==== MATERIAL FOR THIS TASK ====
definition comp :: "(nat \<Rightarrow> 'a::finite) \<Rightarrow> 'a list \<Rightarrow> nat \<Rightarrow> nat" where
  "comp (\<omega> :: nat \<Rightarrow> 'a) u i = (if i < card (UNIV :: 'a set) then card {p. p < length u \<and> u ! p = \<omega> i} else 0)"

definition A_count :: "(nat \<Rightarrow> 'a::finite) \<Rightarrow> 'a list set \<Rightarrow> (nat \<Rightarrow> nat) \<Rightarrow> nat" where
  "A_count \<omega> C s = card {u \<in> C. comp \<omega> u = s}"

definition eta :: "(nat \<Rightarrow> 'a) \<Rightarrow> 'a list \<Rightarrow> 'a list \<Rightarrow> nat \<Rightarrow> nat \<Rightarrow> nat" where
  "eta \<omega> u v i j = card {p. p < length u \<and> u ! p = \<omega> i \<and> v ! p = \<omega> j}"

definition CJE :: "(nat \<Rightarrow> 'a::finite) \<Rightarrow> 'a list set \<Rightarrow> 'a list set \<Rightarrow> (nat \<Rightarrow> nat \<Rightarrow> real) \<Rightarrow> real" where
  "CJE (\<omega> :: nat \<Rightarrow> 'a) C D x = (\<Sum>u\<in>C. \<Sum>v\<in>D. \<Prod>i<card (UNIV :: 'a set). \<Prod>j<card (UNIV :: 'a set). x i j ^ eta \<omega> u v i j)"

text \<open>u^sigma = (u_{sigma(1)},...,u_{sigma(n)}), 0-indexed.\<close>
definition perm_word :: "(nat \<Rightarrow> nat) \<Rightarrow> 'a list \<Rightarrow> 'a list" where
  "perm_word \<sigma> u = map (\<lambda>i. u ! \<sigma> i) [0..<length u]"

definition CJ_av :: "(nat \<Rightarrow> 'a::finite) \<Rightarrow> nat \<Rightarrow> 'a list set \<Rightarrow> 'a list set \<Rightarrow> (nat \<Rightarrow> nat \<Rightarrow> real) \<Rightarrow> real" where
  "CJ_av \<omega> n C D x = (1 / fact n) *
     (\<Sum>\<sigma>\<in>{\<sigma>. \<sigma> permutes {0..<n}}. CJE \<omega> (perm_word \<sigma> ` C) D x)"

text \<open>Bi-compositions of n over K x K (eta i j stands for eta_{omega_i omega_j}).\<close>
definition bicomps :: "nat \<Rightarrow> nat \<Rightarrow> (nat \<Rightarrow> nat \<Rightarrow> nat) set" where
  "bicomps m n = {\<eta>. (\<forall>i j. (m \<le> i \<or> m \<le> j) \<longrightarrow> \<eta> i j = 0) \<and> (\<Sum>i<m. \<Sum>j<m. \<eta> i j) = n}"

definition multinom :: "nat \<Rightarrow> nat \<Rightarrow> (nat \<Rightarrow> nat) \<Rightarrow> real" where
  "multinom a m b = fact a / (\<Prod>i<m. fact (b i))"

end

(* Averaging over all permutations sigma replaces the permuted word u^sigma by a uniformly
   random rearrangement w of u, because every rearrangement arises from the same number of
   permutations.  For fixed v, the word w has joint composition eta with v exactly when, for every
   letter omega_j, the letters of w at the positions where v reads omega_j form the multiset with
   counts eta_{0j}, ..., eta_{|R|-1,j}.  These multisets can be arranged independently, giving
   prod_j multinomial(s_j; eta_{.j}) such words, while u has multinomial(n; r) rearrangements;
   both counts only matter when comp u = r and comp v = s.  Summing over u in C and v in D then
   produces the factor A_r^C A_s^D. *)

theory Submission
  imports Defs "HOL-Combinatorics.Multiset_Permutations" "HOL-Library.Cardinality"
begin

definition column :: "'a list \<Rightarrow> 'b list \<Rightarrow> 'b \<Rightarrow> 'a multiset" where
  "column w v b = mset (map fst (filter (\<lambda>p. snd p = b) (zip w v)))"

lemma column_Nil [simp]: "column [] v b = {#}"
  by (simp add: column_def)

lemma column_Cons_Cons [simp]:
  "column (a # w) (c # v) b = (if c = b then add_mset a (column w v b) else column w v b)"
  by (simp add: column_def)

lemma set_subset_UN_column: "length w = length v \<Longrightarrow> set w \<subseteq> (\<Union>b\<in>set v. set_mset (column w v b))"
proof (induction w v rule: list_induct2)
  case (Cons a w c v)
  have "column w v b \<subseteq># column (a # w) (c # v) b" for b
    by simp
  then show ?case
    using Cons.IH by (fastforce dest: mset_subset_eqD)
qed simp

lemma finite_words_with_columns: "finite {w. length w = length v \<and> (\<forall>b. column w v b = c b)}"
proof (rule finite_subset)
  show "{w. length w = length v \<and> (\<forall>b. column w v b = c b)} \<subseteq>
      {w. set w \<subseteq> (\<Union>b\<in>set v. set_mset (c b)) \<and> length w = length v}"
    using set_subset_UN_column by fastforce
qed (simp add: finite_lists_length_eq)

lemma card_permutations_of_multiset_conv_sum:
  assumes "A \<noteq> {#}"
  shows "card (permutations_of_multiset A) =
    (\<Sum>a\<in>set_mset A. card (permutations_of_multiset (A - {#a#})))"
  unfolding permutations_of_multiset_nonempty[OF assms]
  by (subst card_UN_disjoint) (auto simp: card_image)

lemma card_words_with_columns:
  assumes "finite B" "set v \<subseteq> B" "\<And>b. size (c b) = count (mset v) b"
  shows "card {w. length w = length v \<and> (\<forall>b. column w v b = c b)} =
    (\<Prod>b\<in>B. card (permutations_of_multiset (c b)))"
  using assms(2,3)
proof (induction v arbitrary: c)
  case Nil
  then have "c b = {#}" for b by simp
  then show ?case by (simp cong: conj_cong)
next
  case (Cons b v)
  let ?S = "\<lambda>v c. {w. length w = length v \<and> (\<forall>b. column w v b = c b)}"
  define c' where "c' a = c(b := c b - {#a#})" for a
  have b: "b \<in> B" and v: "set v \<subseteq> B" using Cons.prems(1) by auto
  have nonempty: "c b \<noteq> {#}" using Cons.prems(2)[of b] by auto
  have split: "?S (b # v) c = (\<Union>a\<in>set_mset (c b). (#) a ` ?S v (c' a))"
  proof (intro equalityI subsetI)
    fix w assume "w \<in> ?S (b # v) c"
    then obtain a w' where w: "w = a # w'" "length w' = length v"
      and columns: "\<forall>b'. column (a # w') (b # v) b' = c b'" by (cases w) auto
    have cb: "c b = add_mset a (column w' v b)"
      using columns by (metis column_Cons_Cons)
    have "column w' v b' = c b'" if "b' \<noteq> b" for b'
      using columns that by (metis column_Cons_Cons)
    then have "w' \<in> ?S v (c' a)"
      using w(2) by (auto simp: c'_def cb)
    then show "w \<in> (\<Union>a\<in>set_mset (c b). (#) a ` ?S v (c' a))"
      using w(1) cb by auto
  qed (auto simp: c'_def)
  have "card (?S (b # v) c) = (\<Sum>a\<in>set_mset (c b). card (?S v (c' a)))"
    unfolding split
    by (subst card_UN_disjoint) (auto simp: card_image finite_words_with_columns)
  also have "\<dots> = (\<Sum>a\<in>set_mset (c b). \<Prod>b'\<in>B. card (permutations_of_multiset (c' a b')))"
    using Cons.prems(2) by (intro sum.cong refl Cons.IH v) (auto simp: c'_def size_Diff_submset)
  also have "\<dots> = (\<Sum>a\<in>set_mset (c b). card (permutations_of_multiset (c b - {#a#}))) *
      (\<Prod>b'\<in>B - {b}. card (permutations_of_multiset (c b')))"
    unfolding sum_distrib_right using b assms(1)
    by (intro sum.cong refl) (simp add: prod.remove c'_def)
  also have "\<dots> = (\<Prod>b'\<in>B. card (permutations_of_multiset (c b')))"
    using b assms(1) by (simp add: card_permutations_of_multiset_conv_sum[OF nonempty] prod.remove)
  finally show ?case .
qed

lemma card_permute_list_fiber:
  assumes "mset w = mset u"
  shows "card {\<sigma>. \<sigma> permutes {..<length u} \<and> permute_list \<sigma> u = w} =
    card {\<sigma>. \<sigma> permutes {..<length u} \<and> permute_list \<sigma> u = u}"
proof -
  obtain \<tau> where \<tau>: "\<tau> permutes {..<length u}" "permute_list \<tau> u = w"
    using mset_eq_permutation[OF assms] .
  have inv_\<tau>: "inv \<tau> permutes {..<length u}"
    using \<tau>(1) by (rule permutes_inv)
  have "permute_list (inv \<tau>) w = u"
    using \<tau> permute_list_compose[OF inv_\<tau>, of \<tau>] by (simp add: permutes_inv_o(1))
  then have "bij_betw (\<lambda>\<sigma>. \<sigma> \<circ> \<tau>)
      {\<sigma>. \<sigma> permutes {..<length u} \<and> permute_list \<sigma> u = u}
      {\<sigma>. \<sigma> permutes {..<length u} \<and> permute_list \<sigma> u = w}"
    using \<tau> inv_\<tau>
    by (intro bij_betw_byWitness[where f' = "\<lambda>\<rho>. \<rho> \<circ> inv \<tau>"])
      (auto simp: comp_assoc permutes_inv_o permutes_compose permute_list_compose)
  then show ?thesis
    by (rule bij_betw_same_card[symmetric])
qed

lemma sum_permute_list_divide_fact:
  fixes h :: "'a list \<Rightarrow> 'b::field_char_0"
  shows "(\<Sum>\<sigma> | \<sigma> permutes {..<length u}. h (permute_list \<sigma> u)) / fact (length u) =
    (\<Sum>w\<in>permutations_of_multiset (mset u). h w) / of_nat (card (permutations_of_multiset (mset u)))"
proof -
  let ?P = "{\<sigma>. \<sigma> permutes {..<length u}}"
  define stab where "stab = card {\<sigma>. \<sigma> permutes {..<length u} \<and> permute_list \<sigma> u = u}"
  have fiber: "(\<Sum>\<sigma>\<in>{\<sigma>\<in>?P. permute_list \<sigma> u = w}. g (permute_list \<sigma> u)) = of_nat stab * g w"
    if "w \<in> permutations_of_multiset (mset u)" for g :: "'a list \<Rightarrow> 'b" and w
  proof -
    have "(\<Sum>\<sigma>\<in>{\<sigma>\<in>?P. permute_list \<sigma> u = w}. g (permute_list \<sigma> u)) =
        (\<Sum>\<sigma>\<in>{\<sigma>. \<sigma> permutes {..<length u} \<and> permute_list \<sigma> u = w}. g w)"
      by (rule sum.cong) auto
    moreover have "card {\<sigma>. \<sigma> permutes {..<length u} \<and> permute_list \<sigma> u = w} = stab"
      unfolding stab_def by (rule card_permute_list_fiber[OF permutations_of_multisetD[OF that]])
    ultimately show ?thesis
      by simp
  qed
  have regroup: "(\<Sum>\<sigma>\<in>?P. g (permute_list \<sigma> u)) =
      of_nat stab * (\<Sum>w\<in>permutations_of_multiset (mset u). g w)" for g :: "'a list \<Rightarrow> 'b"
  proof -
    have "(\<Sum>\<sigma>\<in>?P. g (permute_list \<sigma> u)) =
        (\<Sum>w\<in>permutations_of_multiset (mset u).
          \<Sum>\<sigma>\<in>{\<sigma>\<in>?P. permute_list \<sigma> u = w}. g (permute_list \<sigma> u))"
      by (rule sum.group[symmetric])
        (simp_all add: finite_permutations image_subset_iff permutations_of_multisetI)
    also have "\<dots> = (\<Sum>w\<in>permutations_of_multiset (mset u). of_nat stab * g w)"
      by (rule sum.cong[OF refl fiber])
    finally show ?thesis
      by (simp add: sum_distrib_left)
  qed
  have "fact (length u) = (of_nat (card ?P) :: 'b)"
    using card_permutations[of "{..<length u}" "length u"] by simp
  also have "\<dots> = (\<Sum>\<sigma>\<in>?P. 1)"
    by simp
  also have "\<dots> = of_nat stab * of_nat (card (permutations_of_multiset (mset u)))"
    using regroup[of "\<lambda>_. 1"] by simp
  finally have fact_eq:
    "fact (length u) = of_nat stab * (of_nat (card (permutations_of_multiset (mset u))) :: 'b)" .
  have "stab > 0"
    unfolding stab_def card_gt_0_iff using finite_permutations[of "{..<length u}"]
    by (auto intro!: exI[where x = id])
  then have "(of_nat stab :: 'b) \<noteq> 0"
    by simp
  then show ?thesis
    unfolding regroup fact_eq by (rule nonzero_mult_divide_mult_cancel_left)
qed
====
TASK REQUIREMENTS: Whichever lines of the data include the word "fastforce", pull them out.

REPLY:
    using Cons.IH by (fastforce dest: mset_subset_eqD)
    using set_subset_UN_column by fastforce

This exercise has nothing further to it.